Richard Wagamese

Des Kennedy

The untimely death of Ojibwa author Richard Wagamese brought particular sadness to those of us close to the Denman Island Readers & Writers Festival.  Richard was a featured author at our 2014 festival, mesmerizing large audiences with his skillful fiction as well as his candid honesty about his own sometimes painful personal journey.  Those in attendance will remember his speaking of stories as gifts given to the writer to pass on to others.

He was as well a superb mentor; we talked with him at the time about the desirability of his returning to conduct the Writing Week for us and were looking forward to that arrangement in the future.

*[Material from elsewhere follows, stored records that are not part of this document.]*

(* For every vertex $\mathbf{x}$ of $P^n_{\mathrm{SEP}}$, the optimal values of the linear programs $\mathcal{D}\mathrm{OPT}^{\mathrm{I}}(\mathbf{x})$ and $\mathcal{D}\mathrm{OPT}^{\mathrm{II}}(\mathbf{x})$ coincide.
   Context: $K_n=(V_n,E_n)$ is the complete undirected graph on $n$ nodes; $\delta(S)$ is the set of edges with exactly one endpoint in $S$. $P^n_{\mathrm{SEP}}=\{\mathbf{x}\in\mathbb{R}^{E_n} : \sum_{e\in\delta(v)}x_e=2\ \forall v;\ \sum_{e\in\delta(S)}x_e\ge 2\ \forall S \text{ with } 3\le|S|\le n-3;\ 0\le x_e\le 1\}$; a vertex is an extreme point. The support graph of $\mathbf{x}$ is $G_{\mathbf{x}}=(V_n,E_{\mathbf{x}})$ with $E_{\mathbf{x}}=\{e:x_e>0\}$. A walk on a graph $G$ is a closed walk visiting every node at least once, identified with its characteristic vector $\mathbf{w}$ ($w_{ij}$ = number of traversals of edge $ij$); only walks with $w_{ij}\in\{0,1,2\}$ for all edges are considered. Edges are unordered, so $\lambda_{ijk}$ and $\lambda_{jik}$ denote the same variable (but $\lambda_{ijk}\ne\lambda_{kji}$). $\mathcal{D}\mathrm{OPT}^{\mathrm{I}}(\mathbf{x})$: maximize $\sum_{\mathbf{w}\text{ walk on }K_n}\mu_{\mathbf{w}}$ subject to $\sum_{k\ne i,j}(-\lambda_{ijk}+\lambda_{ikj}+\lambda_{jki})+\sum_{\mathbf{w}}w_{ij}\mu_{\mathbf{w}}\le x_{ij}$ for all $ij\in E_n$, $\lambda_{ijk}\ge0$ for all $ij\in E_n$, $k\in V_n\setminus\{i,j\}$, $\mu_{\mathbf{w}}\ge0$. $\mathcal{D}\mathrm{OPT}^{\mathrm{II}}(\mathbf{x})$: maximize $\sum_{\mathbf{w}\text{ walk on }G_{\mathbf{x}}}\mu_{\mathbf{w}}$ subject to $\sum_{\mathbf{w}\text{ walk on }G_{\mathbf{x}}}w_{ij}\mu_{\mathbf{w}}\le x_{ij}$ for all $ij\in E_{\mathbf{x}}$, $\mu_{\mathbf{w}}\ge0$. *)

theory Defs
  imports "HOL-Analysis.Analysis"
begin

text \<open>Nodes of K_n are 0,...,n-1; an (undirected) edge is a two-element set {i,j}.
  Vectors in R^{E_n} are functions on edges, required to vanish off E_n.\<close>

definition Vn :: "nat \<Rightarrow> nat set" where
  "Vn n = {..<n}"

definition En :: "nat \<Rightarrow> nat set set" where
  "En n = {{i, j} | i j. i < n \<and> j < n \<and> i \<noteq> j}"

definition delta :: "nat \<Rightarrow> nat set \<Rightarrow> nat set set" where
  "delta n S = {e \<in> En n. card (e \<inter> S) = 1}"

definition P_SEP :: "nat \<Rightarrow> (nat set \<Rightarrow> real) set" where
  "P_SEP n = {x. (\<forall>e. e \<notin> En n \<longrightarrow> x e = 0)
      \<and> (\<forall>v \<in> Vn n. (\<Sum>e \<in> delta n {v}. x e) = 2)
      \<and> (\<forall>S. S \<subseteq> Vn n \<and> 3 \<le> card S \<and> card S + 3 \<le> n \<longrightarrow> (\<Sum>e \<in> delta n S. x e) \<ge> 2)
      \<and> (\<forall>e \<in> En n. 0 \<le> x e \<and> x e \<le> 1)}"

definition is_vertex :: "(nat set \<Rightarrow> real) \<Rightarrow> (nat set \<Rightarrow> real) set \<Rightarrow> bool" where
  "is_vertex x P \<longleftrightarrow> x \<in> P \<and>
     \<not> (\<exists>y \<in> P. \<exists>z \<in> P. \<exists>u::real. y \<noteq> z \<and> 0 < u \<and> u < 1 \<and> x = (\<lambda>e. u * y e + (1 - u) * z e))"

definition support_edges :: "nat \<Rightarrow> (nat set \<Rightarrow> real) \<Rightarrow> nat set set" where
  "support_edges n x = {e \<in> En n. x e > 0}"

definition closed_covering_walk :: "nat set \<Rightarrow> nat set set \<Rightarrow> nat list \<Rightarrow> bool" where
  "closed_covering_walk V E vs \<longleftrightarrow> vs \<noteq> [] \<and> hd vs = last vs \<and> set vs = V \<and>
     (\<forall>i. Suc i < length vs \<longrightarrow> {vs ! i, vs ! Suc i} \<in> E \<and> vs ! i \<noteq> vs ! Suc i)"
(* Let $T$ be a causal theory with explainable symbols $\mathbf{p}$ all of whose rules are D-rules. Then $T^\dagger(\mathbf{u})$ is logically equivalent to $H(\mathbf{u},\widehat{\mathbf{u}})_{\Sigma 1}$.
   Context: A causal theory $T$ consists of a list $\mathbf{p}$ of distinct predicate constants (explainable symbols, not equality) and a finite set of causal rules $F\Leftarrow G$. A D-rule has the form $\bigvee_{A\in Pos}A\lor\bigvee_{A\in Neg}\neg A\Leftarrow G$, with $Pos,Neg$ finite sets of atomic formulas whose predicate symbols belong to $\mathbf{p}$ and $G$ a first-order formula without $\to$. For each $p\in\mathbf{p}$, $u_p$ and $\widehat u_p$ are predicate variables of the arity of $p$; $\mathbf{u}$, $\widehat{\mathbf{u}}$ are their lists; for $A=p(\mathbf{t})$, $u(A)=u_p(\mathbf{t})$ and $\widehat u(A)=\widehat u_p(\mathbf{t})$. $T^\dagger(\mathbf{u})$ is the conjunction over rules $F\Leftarrow G$ of $\forall\mathbf{x}(G\to F^{\mathbf{p}}_{\mathbf{u}})$, with $\mathbf{x}$ the free variables of $F,G$ and $F^{\mathbf{p}}_{\mathbf{u}}$ the result of replacing each $p$ by $u_p$. $H(\mathbf{u},\widehat{\mathbf{u}})$ is the conjunction over all rules of $T$ of $\forall\mathbf{x}\Big(G\to\bigvee_{A\in Pos}\big((\widehat u(A)\lor A)\to u(A)\big)\lor\bigvee_{A\in Neg}\big((u(A)\lor\neg A)\to\widehat u(A)\big)\Big)$, $\mathbf{x}$ the free object variables. For a formula $F$, $F_{\Sigma 1}$ is obtained by simultaneously substituting, for each $p\in\mathbf{p}$, $\lambda\mathbf{x}(u_p(\mathbf{x})\land p(\mathbf{x}))$ for $u_p$ and $\lambda\mathbf{x}(\neg u_p(\mathbf{x})\land\neg p(\mathbf{x}))$ for $\widehat u_p$. *)

theory Defs
  imports Main
begin

datatype 'f trm = Var nat | Fn 'f "'f trm list"

text \<open>Predicate variables: U p stands for u_p, UH p for the hatted u_p.\<close>
datatype 'c pvar = U 'c | UH 'c

datatype ('f, 'c) fm =
    FF | TT
  | Atom 'c "'f trm list"
  | PV "'c pvar" "'f trm list"
  | Eq "'f trm" "'f trm"
  | Neg "('f, 'c) fm"
  | Conj "('f, 'c) fm" "('f, 'c) fm"
  | Disj "('f, 'c) fm" "('f, 'c) fm"
  | Imp "('f, 'c) fm" "('f, 'c) fm"
  | All nat "('f, 'c) fm"
  | Ex nat "('f, 'c) fm"

fun tval :: "('f \<Rightarrow> 'd list \<Rightarrow> 'd) \<Rightarrow> (nat \<Rightarrow> 'd) \<Rightarrow> 'f trm \<Rightarrow> 'd" where
  "tval I s (Var n) = s n"
| "tval I s (Fn f ts) = I f (map (tval I s) ts)"

fun fmval :: "('f \<Rightarrow> 'd list \<Rightarrow> 'd) \<Rightarrow> ('c \<Rightarrow> 'd list \<Rightarrow> bool) \<Rightarrow> ('c pvar \<Rightarrow> 'd list \<Rightarrow> bool)
     \<Rightarrow> (nat \<Rightarrow> 'd) \<Rightarrow> ('f, 'c) fm \<Rightarrow> bool" where
  "fmval I P V s FF = False"
| "fmval I P V s TT = True"
| "fmval I P V s (Atom c ts) = P c (map (tval I s) ts)"
| "fmval I P V s (PV v ts) = V v (map (tval I s) ts)"
| "fmval I P V s (Eq t1 t2) = (tval I s t1 = tval I s t2)"
| "fmval I P V s (Neg \<phi>) = (\<not> fmval I P V s \<phi>)"
| "fmval I P V s (Conj \<phi> \<psi>) = (fmval I P V s \<phi> \<and> fmval I P V s \<psi>)"
| "fmval I P V s (Disj \<phi> \<psi>) = (fmval I P V s \<phi> \<or> fmval I P V s \<psi>)"
| "fmval I P V s (Imp \<phi> \<psi>) = (fmval I P V s \<phi> \<longrightarrow> fmval I P V s \<psi>)"
| "fmval I P V s (All n \<phi>) = (\<forall>d. fmval I P V (s(n := d)) \<phi>)"
| "fmval I P V s (Ex n \<phi>) = (\<exists>d. fmval I P V (s(n := d)) \<phi>)"

definition log_equiv :: "'d itself \<Rightarrow> ('f, 'c) fm \<Rightarrow> ('f, 'c) fm \<Rightarrow> bool" where
  "log_equiv _ \<phi> \<psi> \<longleftrightarrow>
     (\<forall>(I :: 'f \<Rightarrow> 'd list \<Rightarrow> 'd) P V s. fmval I P V s \<phi> = fmval I P V s \<psi>)"

fun tvars :: "'f trm \<Rightarrow> nat set" where
  "tvars (Var n) = {n}"
| "tvars (Fn f ts) = \<Union> (set (map tvars ts))"

fun fv :: "('f, 'c) fm \<Rightarrow> nat set" where
  "fv FF = {}"
| "fv TT = {}"
| "fv (Atom c ts) = \<Union> (tvars ` set ts)"
| "fv (PV v ts) = \<Union> (tvars ` set ts)"
| "fv (Eq t1 t2) = tvars t1 \<union> tvars t2"
| "fv (Neg \<phi>) = fv \<phi>"
| "fv (Conj \<phi> \<psi>) = fv \<phi> \<union> fv \<psi>"
| "fv (Disj \<phi> \<psi>) = fv \<phi> \<union> fv \<psi>"
| "fv (Imp \<phi> \<psi>) = fv \<phi> \<union> fv \<psi>"
| "fv (All n \<phi>) = fv \<phi> - {n}"
| "fv (Ex n \<phi>) = fv \<phi> - {n}"

definition close :: "('f, 'c) fm \<Rightarrow> ('f, 'c) fm" where
  "close \<phi> = foldr All (sorted_list_of_set (fv \<phi>)) \<phi>"

definition bigdisj :: "('f, 'c) fm list \<Rightarrow> ('f, 'c) fm" where
  "bigdisj xs = foldr Disj xs FF"

definition bigconj :: "('f, 'c) fm list \<Rightarrow> ('f, 'c) fm" where
  "bigconj xs = foldr Conj xs TT"

fun fo_noimp :: "('f, 'c) fm \<Rightarrow> bool" where
  "fo_noimp (PV v ts) = False"
| "fo_noimp (Imp \<phi> \<psi>) = False"
| "fo_noimp (Neg \<phi>) = fo_noimp \<phi>"
| "fo_noimp (Conj \<phi> \<psi>) = (fo_noimp \<phi> \<and> fo_noimp \<psi>)"
| "fo_noimp (Disj \<phi> \<psi>) = (fo_noimp \<phi> \<and> fo_noimp \<psi>)"
| "fo_noimp (All n \<phi>) = fo_noimp \<phi>"
| "fo_noimp (Ex n \<phi>) = fo_noimp \<phi>"
| "fo_noimp _ = True"

text \<open>A causal rule F \<Leftarrow> G is the pair (F, G). A causal theory is a list ps of
  explainable predicate constants together with a (finite) list of rules.\<close>
type_synonym ('f, 'c) crule = "('f, 'c) fm \<times> ('f, 'c) fm"

fun ren :: "'c list \<Rightarrow> ('f, 'c) fm \<Rightarrow> ('f, 'c) fm" where
  "ren ps (Atom c ts) = (if c \<in> set ps then PV (U c) ts else Atom c ts)"
| "ren ps (Neg \<phi>) = Neg (ren ps \<phi>)"
| "ren ps (Conj \<phi> \<psi>) = Conj (ren ps \<phi>) (ren ps \<psi>)"
| "ren ps (Disj \<phi> \<psi>) = Disj (ren ps \<phi>) (ren ps \<psi>)"
| "ren ps (Imp \<phi> \<psi>) = Imp (ren ps \<phi>) (ren ps \<psi>)"
| "ren ps (All n \<phi>) = All n (ren ps \<phi>)"
| "ren ps (Ex n \<phi>) = Ex n (ren ps \<phi>)"
| "ren ps \<phi> = \<phi>"

definition T_dagger :: "'c list \<Rightarrow> ('f, 'c) crule list \<Rightarrow> ('f, 'c) fm" where
  "T_dagger ps rules = bigconj (map (\<lambda>(F, G). close (Imp G (ren ps F))) rules)"

text \<open>An atomic formula A = p(t) is represented as the pair (p, t).
  A D-rule is given by (Pos, Neg, G) and stands for the rule
  (\<Or>A\<in>Pos. A) \<or> (\<Or>A\<in>Neg. \<not>A) \<Leftarrow> G.\<close>
type_synonym ('f, 'c) atm = "'c \<times> 'f trm list"
type_synonym ('f, 'c) drule = "('f, 'c) atm list \<times> ('f, 'c) atm list \<times> ('f, 'c) fm"

definition dhead :: "('f, 'c) atm list \<Rightarrow> ('f, 'c) atm list \<Rightarrow> ('f, 'c) fm" where
  "dhead pos neg = bigdisj (map (\<lambda>(c, ts). Atom c ts) pos @ map (\<lambda>(c, ts). Neg (Atom c ts)) neg)"

definition drule_to_rule :: "('f, 'c) drule \<Rightarrow> ('f, 'c) crule" where
  "drule_to_rule r = (case r of (pos, neg, G) \<Rightarrow> (dhead pos neg, G))"

definition wf_Dtheory :: "'c list \<Rightarrow> ('f, 'c) drule list \<Rightarrow> bool" where
  "wf_Dtheory ps drs \<longleftrightarrow> distinct ps \<and>
     (\<forall>(pos, neg, G) \<in> set drs.
        (\<forall>(c, ts) \<in> set pos \<union> set neg. c \<in> set ps) \<and> fo_noimp G)"

definition H :: "('f, 'c) drule list \<Rightarrow> ('f, 'c) fm" where
  "H drs = bigconj (map (\<lambda>(pos, neg, G). close (Imp G (bigdisj
      (map (\<lambda>(c, ts). Imp (Disj (PV (UH c) ts) (Atom c ts)) (PV (U c) ts)) pos @
       map (\<lambda>(c, ts). Imp (Disj (PV (U c) ts) (Neg (Atom c ts))) (PV (UH c) ts)) neg))))
     drs)"

text \<open>The substitution \<Sigma>1: u_p := \<lambda>x. u_p(x) \<and> p(x), hat u_p := \<lambda>x. \<not>u_p(x) \<and> \<not>p(x),
  for p in ps (simultaneous; no capture possible since the bodies only use x).\<close>
fun sigma1 :: "'c list \<Rightarrow> ('f, 'c) fm \<Rightarrow> ('f, 'c) fm" where
  "sigma1 ps (PV (U c) ts) =
     (if c \<in> set ps then Conj (PV (U c) ts) (Atom c ts) else PV (U c) ts)"
| "sigma1 ps (PV (UH c) ts) =
     (if c \<in> set ps then Conj (Neg (PV (U c) ts)) (Neg (Atom c ts)) else PV (UH c) ts)"
| "sigma1 ps (Neg \<phi>) = Neg (sigma1 ps \<phi>)"
| "sigma1 ps (Conj \<phi> \<psi>) = Conj (sigma1 ps \<phi>) (sigma1 ps \<psi>)"
| "sigma1 ps (Disj \<phi> \<psi>) = Disj (sigma1 ps \<phi>) (sigma1 ps \<psi>)"
| "sigma1 ps (Imp \<phi> \<psi>) = Imp (sigma1 ps \<phi>) (sigma1 ps \<psi>)"
| "sigma1 ps (All n \<phi>) = All n (sigma1 ps \<phi>)"
| "sigma1 ps (Ex n \<phi>) = Ex n (sigma1 ps \<phi>)"
| "sigma1 ps \<phi> = \<phi>"

end

theory Submission
  imports Defs
begin

text \<open>Under \<Sigma>1 the disjunct \<open>(\<hat>u(A) \<or> A) \<rightarrow> u(A)\<close> of H becomes
  \<open>((\<not>u(A) \<and> \<not>A) \<or> A) \<rightarrow> u(A) \<and> A\<close>, which is equivalent to \<open>u(A)\<close> by cases on \<open>A\<close>;
  dually \<open>(u(A) \<or> \<not>A) \<rightarrow> \<hat>u(A)\<close> becomes equivalent to \<open>\<not>u(A)\<close>. So \<open>H\<^sub>\<Sigma>\<^sub>1\<close> has,
  rule by rule, a head equivalent to the renamed head of the D-rule, while the bodies
  are untouched since they contain no predicate variables.\<close>

definition H_head :: "('f, 'c) atm list \<Rightarrow> ('f, 'c) atm list \<Rightarrow> ('f, 'c) fm" where
  "H_head pos neg = bigdisj
      (map (\<lambda>(c, ts). Imp (Disj (PV (UH c) ts) (Atom c ts)) (PV (U c) ts)) pos @
       map (\<lambda>(c, ts). Imp (Disj (PV (U c) ts) (Neg (Atom c ts))) (PV (UH c) ts)) neg)"

lemma H_eq_bigconj_H_head:
  "H drs = bigconj (map (\<lambda>(pos, neg, G). close (Imp G (H_head pos neg))) drs)"
  by (simp add: H_def H_head_def)

lemma fmval_bigdisj: "fmval I P V s (bigdisj xs) \<longleftrightarrow> (\<exists>x\<in>set xs. fmval I P V s x)"
  by (induction xs) (auto simp: bigdisj_def)

lemma fmval_bigconj: "fmval I P V s (bigconj xs) \<longleftrightarrow> (\<forall>x\<in>set xs. fmval I P V s x)"
  by (induction xs) (auto simp: bigconj_def)

lemma fv_bigdisj: "fv (bigdisj xs) = \<Union> (fv ` set xs)"
  by (induction xs) (auto simp: bigdisj_def)

lemma fv_ren: "fv (ren ps \<phi>) = fv \<phi>"
  by (induction ps \<phi> rule: ren.induct) auto

lemma fv_sigma1: "fv (sigma1 ps \<phi>) = fv \<phi>"
  by (induction ps \<phi> rule: sigma1.induct) auto

lemma ren_bigdisj: "ren ps (bigdisj xs) = bigdisj (map (ren ps) xs)"
  by (induction xs) (auto simp: bigdisj_def)

lemma sigma1_bigdisj: "sigma1 ps (bigdisj xs) = bigdisj (map (sigma1 ps) xs)"
  by (induction xs) (auto simp: bigdisj_def)

lemma sigma1_bigconj: "sigma1 ps (bigconj xs) = bigconj (map (sigma1 ps) xs)"
  by (induction xs) (auto simp: bigconj_def)

lemma sigma1_fo_noimp: "fo_noimp G \<Longrightarrow> sigma1 ps G = G"
  by (induction G) auto

lemma sigma1_close: "sigma1 ps (close \<phi>) = close (sigma1 ps \<phi>)"
proof -
  have "sigma1 ps (foldr All xs \<phi>) = foldr All xs (sigma1 ps \<phi>)" for xs
    by (induction xs) auto
  then show ?thesis
    by (simp add: close_def fv_sigma1)
qed

lemma fmval_close_cong:
  assumes "fv \<phi> = fv \<psi>" and "\<And>s. fmval I P V s \<phi> \<longleftrightarrow> fmval I P V s \<psi>"
  shows "fmval I P V s (close \<phi>) \<longleftrightarrow> fmval I P V s (close \<psi>)"
proof -
  have "fmval I P V s (foldr All xs \<phi>) \<longleftrightarrow> fmval I P V s (foldr All xs \<psi>)" for xs s
    using assms(2) by (induction xs arbitrary: s) auto
  then show ?thesis
    by (simp add: close_def assms(1))
qed

lemma fmval_sigma1_pos_disjunct:
  "c \<in> set ps \<Longrightarrow>
   fmval I P V s (sigma1 ps (Imp (Disj (PV (UH c) ts) (Atom c ts)) (PV (U c) ts)))
     \<longleftrightarrow> fmval I P V s (ren ps (Atom c ts))"
  by auto

lemma fmval_sigma1_neg_disjunct:
  "c \<in> set ps \<Longrightarrow>
   fmval I P V s (sigma1 ps (Imp (Disj (PV (U c) ts) (Neg (Atom c ts))) (PV (UH c) ts)))
     \<longleftrightarrow> fmval I P V s (ren ps (Neg (Atom c ts)))"
  by auto

lemma fmval_sigma1_H_head:
  assumes explainable: "\<forall>(c, ts) \<in> set pos \<union> set neg. c \<in> set ps"
  shows "fmval I P V s (sigma1 ps (H_head pos neg)) \<longleftrightarrow> fmval I P V s (ren ps (dhead pos neg))"
proof -
  have pos: "fmval I P V s (sigma1 ps ((\<lambda>(c, ts). Imp (Disj (PV (UH c) ts) (Atom c ts)) (PV (U c) ts)) a))
      \<longleftrightarrow> fmval I P V s (ren ps ((\<lambda>(c, ts). Atom c ts) a))" if "a \<in> set pos" for a
    using explainable that fmval_sigma1_pos_disjunct by (cases a) fast
  have neg: "fmval I P V s (sigma1 ps ((\<lambda>(c, ts). Imp (Disj (PV (U c) ts) (Neg (Atom c ts))) (PV (UH c) ts)) a))
      \<longleftrightarrow> fmval I P V s (ren ps ((\<lambda>(c, ts). Neg (Atom c ts)) a))" if "a \<in> set neg" for a
    using explainable that fmval_sigma1_neg_disjunct by (cases a) fast
  show ?thesis
    unfolding H_head_def dhead_def sigma1_bigdisj ren_bigdisj fmval_bigdisj map_append set_append
      bex_Un set_map bex_simps(7)
    by (intro arg_cong2[where f = "(\<or>)"] bex_cong refl pos neg)
qed

lemma fv_sigma1_H_head: "fv (sigma1 ps (H_head pos neg)) = fv (ren ps (dhead pos neg))"
  unfolding fv_sigma1 fv_ren H_head_def dhead_def fv_bigdisj by (auto split: prod.splits)

lemma fmval_sigma1_H_rule:
  assumes "\<forall>(c, ts) \<in> set pos \<union> set neg. c \<in> set ps" and "fo_noimp G"
  shows "fmval I P V s (sigma1 ps (close (Imp G (H_head pos neg))))
     \<longleftrightarrow> fmval I P V s (close (Imp G (ren ps (dhead pos neg))))"
  unfolding sigma1_close sigma1.simps(6) sigma1_fo_noimp[OF assms(2)]
proof (rule fmval_close_cong)
  show "fv (Imp G (sigma1 ps (H_head pos neg))) = fv (Imp G (ren ps (dhead pos neg)))"
    by (simp only: fv.simps fv_sigma1_H_head)
qed (simp add: fmval_sigma1_H_head[OF assms(1)] del: sigma1.simps ren.simps)

theorem lemma4:
  fixes ps :: "'c list" and drs :: "('f, 'c) drule list"
  assumes "wf_Dtheory ps drs"
  shows "log_equiv TYPE('d)
           (T_dagger ps (map drule_to_rule drs))
           (sigma1 ps (H drs))"
  unfolding log_equiv_def
proof (intro allI)
  fix I :: "'f \<Rightarrow> 'd list \<Rightarrow> 'd" and P V s
  have "fmval I P V s ((\<lambda>(F, G). close (Imp G (ren ps F))) (drule_to_rule r))
      \<longleftrightarrow> fmval I P V s (sigma1 ps ((\<lambda>(pos, neg, G). close (Imp G (H_head pos neg))) r))"
    if "r \<in> set drs" for r
  proof -
    obtain pos neg G where r: "r = (pos, neg, G)"
      by (cases r) auto
    with assms that have "\<forall>(c, ts) \<in> set pos \<union> set neg. c \<in> set ps" and "fo_noimp G"
      unfolding wf_Dtheory_def by fastforce+
    then show ?thesis
      unfolding r drule_to_rule_def by (simp only: prod.case fmval_sigma1_H_rule)
  qed
  then show "fmval I P V s (T_dagger ps (map drule_to_rule drs))
      \<longleftrightarrow> fmval I P V s (sigma1 ps (H drs))"
    unfolding T_dagger_def H_eq_bigconj_H_head sigma1_bigconj fmval_bigconj set_map ball_simps(9)
    by (rule ball_cong[OF refl])
qed

end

While so clearly articulating through fiction the many injustices and difficulties faced by First Nations peoples as a result of colonization, Richard also had a sparkling sense of mischievous humour.  The last time I encountered him, at another literary festival, he was sporting an extravagantly split lip, the result, he said, of some frantic action along the boards during a recent hockey game.  He loved his hockey, of course, and proudly told the audience that he considered himself “the best 60-year-old Indian hockey player in Canada.”  Who could dispute it?  As I bid him farewell at the festival’s end, I suggested he might consider retaining the split lip for its theatrical effect.  His face lit up with a mile-wide grim.  “Yeah,” he said, laughing, “it could help with my authenticity!”

His authenticity needed no props.  He was the real thing.  So is his writing.  He’ll be greatly missed by all who loved the truth and humour of this gifted story teller.